Records contained in a dataset:
-- Opening Marker --

lemma d_connecting_map_fst:
  assumes proj: "\<And>x y. (x, y) \<in> Et \<Longrightarrow> (fst x, fst y) \<in> E"
    and c: "d_connecting Et (past_nodes V W (B \<union> C) s) ns ds"
    and past: "\<And>j. j < length ns - 1 \<Longrightarrow> ns ! j \<in> unrolled_nodes V W s"
  shows "d_connecting E (B \<union> C) (map fst ns) ds"
  unfolding d_connecting_def
proof (intro allI impI)
  let ?c = "past_nodes V W (B \<union> C) s"
  fix j assume j: "0 < j \<and> j < length (map fst ns) - 1"
  then have j0: "0 < j" and jl: "j < length ns - 1" by auto
  have "fst (ns ! j) \<notin> B \<union> C" if "\<not> is_collider ds j"
    using d_connectingD(1)[OF c j0 jl that] past[OF jl] by (cases "ns ! j") (auto simp: past_nodes_def)
  moreover have "fst (ns ! j) \<in> anc E (B \<union> C) \<union> (B \<union> C)" if "is_collider ds j"
  proof -
    have "ns ! j \<in> anc Et ?c \<union> ?c" using d_connectingD(2)[OF c j0 jl that] .
    then consider "ns ! j \<in> ?c" | x where "x \<in> ?c" "(ns ! j, x) \<in> Et\<^sup>+" by (auto simp: anc_def)
    then show ?thesis
    proof cases
      case (2 x)
      then have "(fst (ns ! j), fst x) \<in> E\<^sup>+" "fst x \<in> B \<union> C"
        using trancl_image[of _ _ Et fst E] proj by (auto simp: past_nodes_def)
      then show ?thesis by (cases "fst (ns ! j) = fst x") (auto simp: anc_def)
    qed (auto simp: past_nodes_def)
  qed
  ultimately show "(\<not> is_collider ds j \<longrightarrow> map fst ns ! j \<notin> B \<union> C) \<and>
      (is_collider ds j \<longrightarrow> map fst ns ! j \<in> anc E (B \<union> C) \<union> (B \<union> C))"
    using jl by auto
qed

lemma unrolled_no_d_connecting_walk:
  fixes Et :: "(('v \<times> nat) \<times> ('v \<times> nat)) set"
  assumes nodes: "Et \<subseteq> unrolled_nodes V W t' \<times> unrolled_nodes V W t'"
    and time: "\<And>x y. (x, y) \<in> Et \<Longrightarrow> snd x < snd y"
    and proj: "\<And>x y. (x, y) \<in> Et \<Longrightarrow> (fst x, fst y) \<in> E"
    and AB: "A \<inter> B = {}" and dsep: "delta_sep E A B C" and "1 \<le> t"
    and w: "is_walk Et ns ds" and c: "d_connecting Et (past_nodes V W (B \<union> C) (t - 1)) ns ds"
    and h: "hd ns \<in> past_nodes V W A (t - 1)" and l: "last ns \<in> now_nodes B t"
  shows False
proof -
  note len = is_walkD[OF w]
  have hd_time: "snd (hd ns) < t" and "fst (hd ns) \<in> A"
    using h \<open>1 \<le> t\<close> by (auto simp: past_nodes_def unrolled_nodes_def)
  have last_time: "snd (last ns) = t" and "fst (last ns) \<in> B" using l by (auto simp: now_nodes_def)
  have two: "2 \<le> length ns" using hd_time last_time len by (cases ns; cases "tl ns") auto
  have c_time: "snd x < t" if "x \<in> past_nodes V W (B \<union> C) (t - 1)" for x
    using that \<open>1 \<le> t\<close> by (cases x) (auto simp: past_nodes_def unrolled_nodes_def)
  have before: "snd (ns ! j) < t" if "j < length ns - 1" for j
    using d_connecting_times_below[OF w time c c_time hd_time _ that] last_time by simp
  have past: "ns ! j \<in> unrolled_nodes V W (t - 1)" if "j < length ns - 1" for j
  proof -
    have "ns ! j \<in> unrolled_nodes V W t'" using is_walk_nodes_subset[OF w nodes two] that by auto
    then show ?thesis using before[OF that] by (cases "ns ! j") (auto simp: unrolled_nodes_def)
  qed
  have ds_ne: "ds \<noteq> []" using two len by auto
  have last_edge: "last ds"
  proof (rule ccontr)
    have i: "length ns - 2 < length ds" and "Suc (length ns - 2) = length ns - 1"
      and "last ds = ds ! (length ns - 2)" using two len ds_ne by (auto simp: last_conv_nth numeral_2_eq_2)
    moreover assume "\<not> last ds"
    ultimately have "(last ns, ns ! (length ns - 2)) \<in> Et"
      using is_walk_edge[OF w i] len by (simp add: last_conv_nth)
    then show False using time before[of "length ns - 2"] last_time two by fastforce
  qed
  have c_proj: "d_connecting E (B \<union> C) (map fst ns) ds" using d_connecting_map_fst[OF proj c past] by simp
  moreover have "is_walk (del_out E B) (map fst ns) ds"
    using is_walk_del_out_d_connecting[OF is_walk_map[OF w proj] c_proj] \<open>fst (hd ns) \<in> A\<close> AB len ds_ne
      last_edge by (auto simp: hd_map)
  moreover have "hd (map fst ns) \<in> A" "last (map fst ns) \<in> B"
    using \<open>fst (hd ns) \<in> A\<close> \<open>fst (last ns) \<in> B\<close> len by (simp_all add: hd_map last_map)
  ultimately show False using delta_sep_no_d_connecting_walk[OF dsep AB] by blast
qed

lemma d_sep_past_now:
  fixes Et :: "(('v \<times> nat) \<times> ('v \<times> nat)) set"
  assumes "Et \<subseteq> unrolled_nodes V W t' \<times> unrolled_nodes V W t'"
    and "\<And>x y. (x, y) \<in> Et \<Longrightarrow> snd x < snd y"
    and "\<And>x y. (x, y) \<in> Et \<Longrightarrow> (fst x, fst y) \<in> E"
    and "A \<inter> B = {}" and "delta_sep E A B C" and "1 \<le> t"
  shows "d_sep Et (past_nodes V W A (t - 1)) (now_nodes B t) (past_nodes V W (B \<union> C) (t - 1))"
  unfolding d_sep_def blocked_iff_not_d_connecting
proof (intro allI impI)
  let ?a = "past_nodes V W A (t - 1)" and ?b = "now_nodes B t" and ?c = "past_nodes V W (B \<union> C) (t - 1)"
  have no_walk: "\<not> d_connecting Et ?c ns ds" if "is_walk Et ns ds" "hd ns \<in> ?a" "last ns \<in> ?b" for ns ds
    using unrolled_no_d_connecting_walk[of Et V W t' E A B C t ns ds] assms that by blast
  fix ns ds
  assume "is_path Et ns ds \<and> (hd ns \<in> ?a \<and> last ns \<in> ?b \<or> hd ns \<in> ?b \<and> last ns \<in> ?a)"
  then have w: "is_walk Et ns ds" and ends: "hd ns \<in> ?a \<and> last ns \<in> ?b \<or> hd ns \<in> ?b \<and> last ns \<in> ?a"
    by (auto simp: is_path_iff_walk_distinct)
  have "hd (rev ns) = last ns" "last (rev ns) = hd ns" using is_walkD(1)[OF w] by (auto simp: hd_rev last_rev)
  then show "\<not> d_connecting Et ?c ns ds"
    using ends no_walk[OF w] no_walk[OF is_walk_rev[OF w]] d_connecting_rev[OF w] by auto
qed

lemma proper_pair_edges:
  assumes "proper_pair V W t' E Et" "no_contemporaneous Et"
  shows "Et \<subseteq> unrolled_nodes V W t' \<times> unrolled_nodes V W t'"
    and "\<And>x y. (x, y) \<in> Et \<Longrightarrow> snd x < snd y"
    and "\<And>x y. (x, y) \<in> Et \<Longrightarrow> (fst x, fst y) \<in> E"
proof -
  have dag: "is_unrolled_DAG V W t' Et" and rolled: "E = roll Et \<or> Et = unroll V W t' E"
    using assms(1) by (auto simp: proper_pair_def)
  then show "Et \<subseteq> unrolled_nodes V W t' \<times> unrolled_nodes V W t'" by (simp add: is_unrolled_DAG_def)
  show time: "snd x < snd y" if "(x, y) \<in> Et" for x y
  proof -
    obtain i s j u where xy: "x = (i, s)" "y = (j, u)" by (cases x, cases y)
    then have "s \<le> u" "s \<noteq> u"
      using that dag assms(2) by (auto simp: is_unrolled_DAG_def no_contemporaneous_def)
    then show ?thesis using xy by simp
  qed
  show "(fst x, fst y) \<in> E" if "(x, y) \<in> Et" for x y
    using rolled that time[OF that] by (cases x; cases y) (auto simp: roll_def unroll_def)
qed

theorem proposition1:
  fixes M :: "'a measure" and V W :: "'v set" and X :: "'v \<Rightarrow> nat \<Rightarrow> 'a \<Rightarrow> real"
    and t' :: nat and E :: "('v \<times> 'v) set" and Et :: "(('v \<times> nat) \<times> ('v \<times> nat)) set"
    and A B C :: "'v set"
  assumes "time_series M V W X"
    and "t' \<ge> 1"
    and "proper_pair V W t' E Et"
    and "no_contemporaneous Et"
    and "dsep_markov M V W t' X Et"
    and "A \<subseteq> V \<union> W" and "B \<subseteq> V" and "C \<subseteq> V \<union> W"
    and "A \<inter> B = {}" and "A \<inter> C = {}" and "B \<inter> C = {}"
    and "delta_sep E A B C"
  shows "locally_indep M V W X A B C t'"
  unfolding locally_indep_def
proof
  fix t assume t: "t \<in> {1..t'}"
  let ?a = "past_nodes V W A (t - 1)" and ?b = "now_nodes B t" and ?c = "past_nodes V W (B \<union> C) (t - 1)"
  have "d_sep Et ?a ?b ?c"
    using d_sep_past_now[OF proper_pair_edges[OF assms(3,4)] assms(9,12)] t by simp
  moreover have "?a \<subseteq> unrolled_nodes V W t'" "?b \<subseteq> unrolled_nodes V W t'" "?c \<subseteq> unrolled_nodes V W t'"
    using t assms(7) by (auto simp: past_nodes_def now_nodes_def unrolled_nodes_def)
  moreover have "?a \<inter> ?b = {}" "?a \<inter> ?c = {}" "?b \<inter> ?c = {}"
    using t assms(9,10) by (auto simp: past_nodes_def now_nodes_def unrolled_nodes_def)
  ultimately show "cond_indep M (node_var X) ?a ?b ?c"
    using assms(5) unfolding dsep_markov_def by blast
qed

end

-- Closing Marker --

Only a number is wanted here: the count of lines above that hold the word "assumes".

> [Answer area]: 5